A visita do padre em vez de ser a comunicação da graça (comunicação dialogo, amor), parece este injetar do medo nas almas deste povo oprimido. Desse jeito ele nem pode se organizar em grupos, pois tudo o que surgir espontaneamente e não for de acordo com as regras de moral imposta pelo padre, será automaticamente violentada.
Às vezes me sinto fariseu, outras vezes Judas, outras Pedro negando, outras ainda e de modo muito doloroso o Pilatos, lavando as mãos ante a agressão aos humildes e inocentes cristãos.
Não sei se o que falo não vai criar confusão para o povo, mas procuro mostrar que Deus não é um patrão mau, mas um Deus de misericórdia.
Procuro incentivar a fé para a esperança e a caridade.”
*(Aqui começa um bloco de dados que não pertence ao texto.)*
definition glued_cographs :: "'a set \<Rightarrow> ('a \<Rightarrow> 'a \<Rightarrow> bool) \<Rightarrow> bool" where
  "glued_cographs V E \<longleftrightarrow> (\<exists>V\<^sub>1 V\<^sub>2 v. V\<^sub>1 \<subseteq> V \<and> V\<^sub>2 \<subseteq> V \<and> v \<in> V \<and>
     V = V\<^sub>1 \<union> V\<^sub>2 \<and> V\<^sub>1 \<inter> V\<^sub>2 = {v} \<and> card V\<^sub>1 > 1 \<and> card V\<^sub>2 > 1 \<and>
     cograph V\<^sub>1 E \<and> cograph V\<^sub>2 E \<and> (\<forall>x\<in>V\<^sub>1 - {v}. \<forall>y\<in>V\<^sub>2 - {v}. \<not> E x y))"

locale vertex_deletion =
  fixes V :: "'a set" and E :: "'a \<Rightarrow> 'a \<Rightarrow> bool" and v :: 'a
  assumes symp_E: "symp E" and v_in_V: "v \<in> V"
begin

abbreviation comps :: "'a set set" where
  "comps \<equiv> components (V - {v}) E"

lemma comps_subset: "H \<in> comps \<Longrightarrow> H \<subseteq> V - {v}"
  by (rule components_subset)

lemma edge_within_component:
  assumes "x \<in> V - {v}" "y \<in> V" "E x y"
  shows "y \<in> component_of (V - {v}) E x \<union> {v}"
  using component_of_edge_closed[OF component_of_self[OF assms(1)]] assms(2,3) by blast

lemma P4_within_two_components:
  assumes "has_induced_P4 S E" "S \<subseteq> V"
  obtains H K where "H \<in> comps" "K \<in> comps" "has_induced_P4 (H \<union> K \<union> {v}) E"
    "H \<inter> S \<noteq> {}" "K \<inter> S \<noteq> {}"
proof -
  obtain a b c d where P: "a \<in> S" "b \<in> S" "c \<in> S" "d \<in> S" "distinct [a, b, c, d]"
      "E a b" "E b c" "E c d" "\<not> E a c" "\<not> E a d" "\<not> E b d"
    using assms(1) unfolding has_induced_P4_def by blast
  define h where "h = (if a = v then b else a)"
  define k where "k = (if d = v then c else d)"
  have hk: "h \<in> S" "k \<in> S" "h \<in> V - {v}" "k \<in> V - {v}"
    using P(1-5) assms(2) unfolding h_def k_def by auto
  let ?H = "component_of (V - {v}) E h"
  let ?K = "component_of (V - {v}) E k"
  have "a \<in> ?H \<union> {v}" "b \<in> ?H \<union> {v}"
    using component_of_self[OF hk(3)] edge_within_component[of a b] P(1,2,6) assms(2)
    unfolding h_def by (auto split: if_splits)
  moreover have "d \<in> ?K \<union> {v}" "c \<in> ?K \<union> {v}"
    using component_of_self[OF hk(4)] edge_within_component[of d c] P(3,4,8) assms(2)
      sympD[OF symp_E] unfolding k_def by (auto split: if_splits)
  ultimately have "has_induced_P4 (?H \<union> ?K \<union> {v}) E"
    using P(5-11) by (intro has_induced_P4I[of a _ b c d]) auto
  moreover have "?H \<in> comps" "?K \<in> comps" "h \<in> ?H" "k \<in> ?K"
    using component_of_in_components[OF hk(3)] component_of_in_components[OF hk(4)]
      component_of_self[OF hk(3)] component_of_self[OF hk(4)] by auto
  ultimately show thesis using that hk(1,2) by blast
qed

lemma cograph_minus_star_center:
  assumes "\<forall>H\<in>comps. cograph (H \<union> {v}) E" "H\<^sub>0 \<in> comps"
    "\<forall>H\<in>comps. \<forall>K\<in>comps. Gamma_edge V E v H K \<longrightarrow> H\<^sub>0 = H \<or> H\<^sub>0 = K"
  shows "cograph (V - H\<^sub>0) E"
  unfolding cograph_def
proof
  assume "has_induced_P4 (V - H\<^sub>0) E"
  then obtain H K where HK: "H \<in> comps" "K \<in> comps" "has_induced_P4 (H \<union> K \<union> {v}) E"
    "H \<noteq> H\<^sub>0" "K \<noteq> H\<^sub>0"
    by (rule P4_within_two_components) blast+
  show False
  proof (cases "H = K")
    case True
    then show False using HK(1,3) assms(1) by (simp add: cograph_def)
  next
    case False
    then have "Gamma_edge V E v H K" using HK(3) by (simp add: Gamma_edge_def)
    then show False using assms(3) HK by blast
  qed
qed

lemma card_good_components_le_2:
  assumes "has_induced_P4 V E"
  shows "card {H \<in> comps. cograph (H \<union> {v}) E \<and> cograph (V - H) E} \<le> 2"
proof -
  obtain H K where HK: "H \<in> comps" "K \<in> comps" "has_induced_P4 (H \<union> K \<union> {v}) E"
    using P4_within_two_components[OF assms] by blast
  have "X \<in> {H, K}" if X: "X \<in> comps" "cograph (V - X) E" for X
  proof (rule ccontr)
    assume "X \<notin> {H, K}"
    then have "H \<union> K \<union> {v} \<subseteq> V - X"
      using components_disjoint[OF symp_E X(1)] HK(1,2) comps_subset X(1) v_in_V by blast
    then show False
      using has_induced_P4_mono[OF HK(3)] X(2) by (simp add: cograph_def)
  qed
  then have "card {H \<in> comps. cograph (H \<union> {v}) E \<and> cograph (V - H) E} \<le> card {H, K}"
    by (intro card_mono) auto
  also have "\<dots> \<le> 2" by (simp add: card_insert_le_m1)
  finally show ?thesis .
qed

lemma P4_if_neighbour_and_split:
  assumes "X \<in> comps" "Y \<in> comps" "X \<noteq> Y"
    "has_neighbour_in E v X" "splits_neighbourhood E v Y"
  shows "has_induced_P4 (X \<union> Y \<union> {v}) E"
proof -
  obtain a where a: "a \<in> X" "E v a" using assms(4) by (auto simp: has_neighbour_in_def)
  obtain c d where cd: "c \<in> Y" "d \<in> Y" "E v c" "E c d" "\<not> E v d"
    using assms(5) by (auto simp: splits_neighbourhood_def)
  have no_edge: "\<not> E a c" "\<not> E a d"
    using components_no_edge[OF symp_E assms(1-3)] a(1) cd(1,2) by auto
  have "X \<inter> Y = {}" "v \<notin> X" "v \<notin> Y"
    using components_disjoint[OF symp_E assms(1-3)] comps_subset assms(1,2) by auto
  then show ?thesis
    using a cd no_edge sympD[OF symp_E a(2)] by (intro has_induced_P4I[of a _ v c d]) auto
qed

lemma Gamma_edge_shape:
  assumes "H \<in> comps" "K \<in> comps" "H \<noteq> K" "cograph (H \<union> {v}) E" "cograph (K \<union> {v}) E"
    "has_induced_P4 (H \<union> K \<union> {v}) E"
  shows "has_neighbour_in E v H \<and> has_neighbour_in E v K
    \<and> (splits_neighbourhood E v H \<or> splits_neighbourhood E v K)"
proof -
  obtain a b c d where P: "{a, b, c, d} \<subseteq> H \<union> K \<union> {v}" "distinct [a, b, c, d]"
      "E a b" "E b c" "E c d" "\<not> E a c" "\<not> E a d" "\<not> E b d"
    using assms(6) unfolding has_induced_P4_def by auto
  have HK: "H \<inter> K = {}" "H \<subseteq> V - {v}" "K \<subseteq> V - {v}"
    using components_disjoint[OF symp_E assms(1-3)] comps_subset assms(1,2) by auto
  have same_side: "x \<in> H \<longleftrightarrow> y \<in> H" if "x \<in> H \<union> K" "y \<in> H \<union> K" "E x y" for x y
    using components_edge_closed[OF assms(1), of x y] components_edge_closed[OF assms(1), of y x]
      sympD[OF symp_E that(3)] that HK by blast
  have not_one_side: "\<not> {a, b, c, d} \<subseteq> X \<union> {v}" if "cograph (X \<union> {v}) E" for X
    using that P(2-8) unfolding cograph_def by (auto intro: has_induced_P4I[of a _ b c d])
  have sym: "E b a" "E c b" "\<not> E c a" "\<not> E d b"
    using P(3,4,6,8) sympD[OF symp_E] by blast+
  consider "v = b" | "v = c" | "v \<notin> {b, c}" by blast
  then show ?thesis
  proof cases
    case 1
    then have "a \<in> H \<union> K" "c \<in> H \<union> K" "d \<in> H \<union> K" "c \<in> H \<longleftrightarrow> d \<in> H"
      using P(1,2,5) same_side by auto
    moreover have "a \<in> H \<longleftrightarrow> c \<notin> H"
      using calculation not_one_side[OF assms(4)] not_one_side[OF assms(5)] HK(1) 1 by blast
    ultimately show ?thesis
      using 1 sym P(4,5,8) HK(1) unfolding has_neighbour_in_def splits_neighbourhood_def by blast
  next
    case 2
    then have "a \<in> H \<union> K" "b \<in> H \<union> K" "d \<in> H \<union> K" "a \<in> H \<longleftrightarrow> b \<in> H"
      using P(1,2,3) same_side by auto
    moreover have "d \<in> H \<longleftrightarrow> b \<notin> H"
      using calculation not_one_side[OF assms(4)] not_one_side[OF assms(5)] HK(1) 2 by blast
    ultimately show ?thesis
      using 2 sym P(5,6) HK(1) unfolding has_neighbour_in_def splits_neighbourhood_def by blast
  next
    case 3
    then have "b \<in> H \<union> K" "c \<in> H \<union> K" using P(1) by auto
    then have "a \<in> H \<union> K \<longrightarrow> (a \<in> H \<longleftrightarrow> b \<in> H)" "b \<in> H \<longleftrightarrow> c \<in> H"
      "d \<in> H \<union> K \<longrightarrow> (d \<in> H \<longleftrightarrow> c \<in> H)"
      using same_side P(3-5) sym(2) by blast+
    then have "{a, b, c, d} \<subseteq> H \<union> {v} \<or> {a, b, c, d} \<subseteq> K \<union> {v}"
      using P(1) \<open>b \<in> H \<union> K\<close> \<open>c \<in> H \<union> K\<close> by blast
    then show ?thesis using not_one_side[OF assms(4)] not_one_side[OF assms(5)] by blast
  qed
qed

lemma glued_cographs_if_good_component:
  assumes "finite V" "H\<^sub>0 \<in> comps" "K \<in> comps" "K \<noteq> H\<^sub>0"
    "cograph (H\<^sub>0 \<union> {v}) E" "cograph (V - H\<^sub>0) E"
  shows "glued_cographs V E"
proof -
  obtain h k where hk: "h \<in> H\<^sub>0" "k \<in> K"
    using components_nonempty assms(2,3) by blast
  have sub: "H\<^sub>0 \<subseteq> V - {v}" "K \<subseteq> V - {v}" using comps_subset assms(2,3) by auto
  have "k \<notin> H\<^sub>0" using components_disjoint[OF symp_E assms(3,2,4)] hk(2) by blast
  have "finite (H\<^sub>0 \<union> {v})" "finite (V - H\<^sub>0)"
    using finite_subset[OF _ assms(1)] sub v_in_V by auto
  moreover have "{h, v} \<subseteq> H\<^sub>0 \<union> {v}" "{k, v} \<subseteq> V - H\<^sub>0"
    using hk \<open>k \<notin> H\<^sub>0\<close> sub v_in_V by auto
  ultimately have "card {h, v} \<le> card (H\<^sub>0 \<union> {v})" "card {k, v} \<le> card (V - H\<^sub>0)"
    by (metis card_mono)+
  moreover have "h \<noteq> v" "k \<noteq> v" using hk sub by auto
  ultimately have "card (H\<^sub>0 \<union> {v}) > 1" "card (V - H\<^sub>0) > 1" by simp_all
  moreover have "\<not> E x y" if "x \<in> H\<^sub>0" "y \<in> V - H\<^sub>0 - {v}" for x y
    using components_edge_closed[OF assms(2) that(1)] that(2) by blast
  ultimately show ?thesis
    unfolding glued_cographs_def using assms(5,6) sub v_in_V
    by (intro exI[of _ "H\<^sub>0 \<union> {v}"] exI[of _ "V - H\<^sub>0"] exI[of _ v]) auto
qed

context
  fixes A B :: "'a set"
  assumes split: "V - {v} = A \<union> B" and disjoint: "A \<inter> B = {}"
    and no_edge: "\<forall>x\<in>A. \<forall>y\<in>B. \<not> E x y"
    and nonempty: "A \<noteq> {}" "B \<noteq> {}"
    and cograph_A: "cograph (A \<union> {v}) E" and cograph_B: "cograph (B \<union> {v}) E"
begin

lemma edge_closed_A:
  assumes "a \<in> A" "b \<in> V - {v}" "E a b"
  shows "b \<in> A"
proof (rule ccontr)
  assume "b \<notin> A"
  then have "b \<in> B" using assms(2) split by blast
  then show False using no_edge assms(1,3) by blast
qed

lemma component_within_side: "H \<in> comps \<Longrightarrow> H \<subseteq> A \<or> H \<subseteq> B"
proof -
  assume "H \<in> comps"
  then obtain x where x: "x \<in> V - {v}" "H = component_of (V - {v}) E x"
    by (auto simp: components_eq_image)
  have closed_B: "b \<in> B" if "a \<in> B" "b \<in> V - {v}" "E a b" for a b
  proof (rule ccontr)
    assume "b \<notin> B"
    then have "b \<in> A" using that(2) split by blast
    then show False using no_edge that(1) sympD[OF symp_E that(3)] by blast
  qed
  have "x \<in> A \<or> x \<in> B" using x(1) split by blast
  then show ?thesis
  proof
    assume "x \<in> A"
    then show ?thesis unfolding x(2) using component_of_subset_closed_set edge_closed_A by metis
  next
    assume "x \<in> B"
    then show ?thesis unfolding x(2) using component_of_subset_closed_set closed_B by metis
  qed
qed

lemma disconnected_glued: "disconnected (V - {v}) E"
proof -
  obtain a b where ab: "a \<in> A" "b \<in> B" using nonempty by blast
  have ab_in: "a \<in> V - {v}" "b \<in> V - {v}" using ab split by auto
  have "component_of (V - {v}) E a \<subseteq> A"
    by (rule component_of_subset_closed_set[OF ab(1) edge_closed_A])
  then have "b \<notin> component_of (V - {v}) E a" using ab(2) disjoint by blast
  then have "\<not> reach (V - {v}) E a b" using ab_in(2) by (simp add: component_of_def)
  then show ?thesis using ab_in unfolding disconnected_def by blast
qed

lemma cograph_component_plus_vertex:
  assumes "H \<in> comps"
  shows "cograph (H \<union> {v}) E"
  using component_within_side[OF assms]
proof
  assume "H \<subseteq> A"
  then show ?thesis by (intro cograph_subset[OF cograph_A]) blast
next
  assume "H \<subseteq> B"
  then show ?thesis by (intro cograph_subset[OF cograph_B]) blast
qed

lemma Gamma_edge_across:
  assumes "H \<in> comps" "K \<in> comps" "Gamma_edge V E v H K"
  shows "H \<subseteq> A \<and> K \<subseteq> B \<or> H \<subseteq> B \<and> K \<subseteq> A"
proof -
  have "\<not> H \<union> K \<union> {v} \<subseteq> X \<union> {v}" if "cograph (X \<union> {v}) E" for X
    using that assms(3) has_induced_P4_mono unfolding Gamma_edge_def cograph_def by blast
  then show ?thesis
    using component_within_side[OF assms(1)] component_within_side[OF assms(2)] cograph_A cograph_B
    by blast
qed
Doroti Alice Müller Schwade

11 de outubro de 1976

Um comentário:

  1. alfredo pinto parente5 de novembro de 2012 16:41

    sou filho de seringueiro, meu pai foi seringueiro, no seringal canadá, durante mais de 50 anos e ali nascie e me criei, até 18 anos de idade, porém aos 15 anos com dinheiro ganho da venda de pele de onça comprei um rádio, começei a conhecer mundo, passando a compreender que aquilo era uma verdadeira escravidão e 2 anos depois em 1970, 17 anos de idade comuniquei ao meu pai que no ano seguinte em 1971 deixaria de ser seringuiro, profissão que herdei do meu pai desde 10 anos de idade, quando larguei o seringal canadá, na colocação chamada manga do centro, passando aq residir em belém, chegando aqui 12 de junho de 1971, aos 18 anos de idade, quando matriculei no MOBRAL (movimento brasileiro de alfabetização) e atualente sou PROFESSOR DE HISTÓRIA e ADVOGADO, nos tribunais da grande Belém, mas conforme a pesquisa a produção de borracha era uma verdadeira escravidão.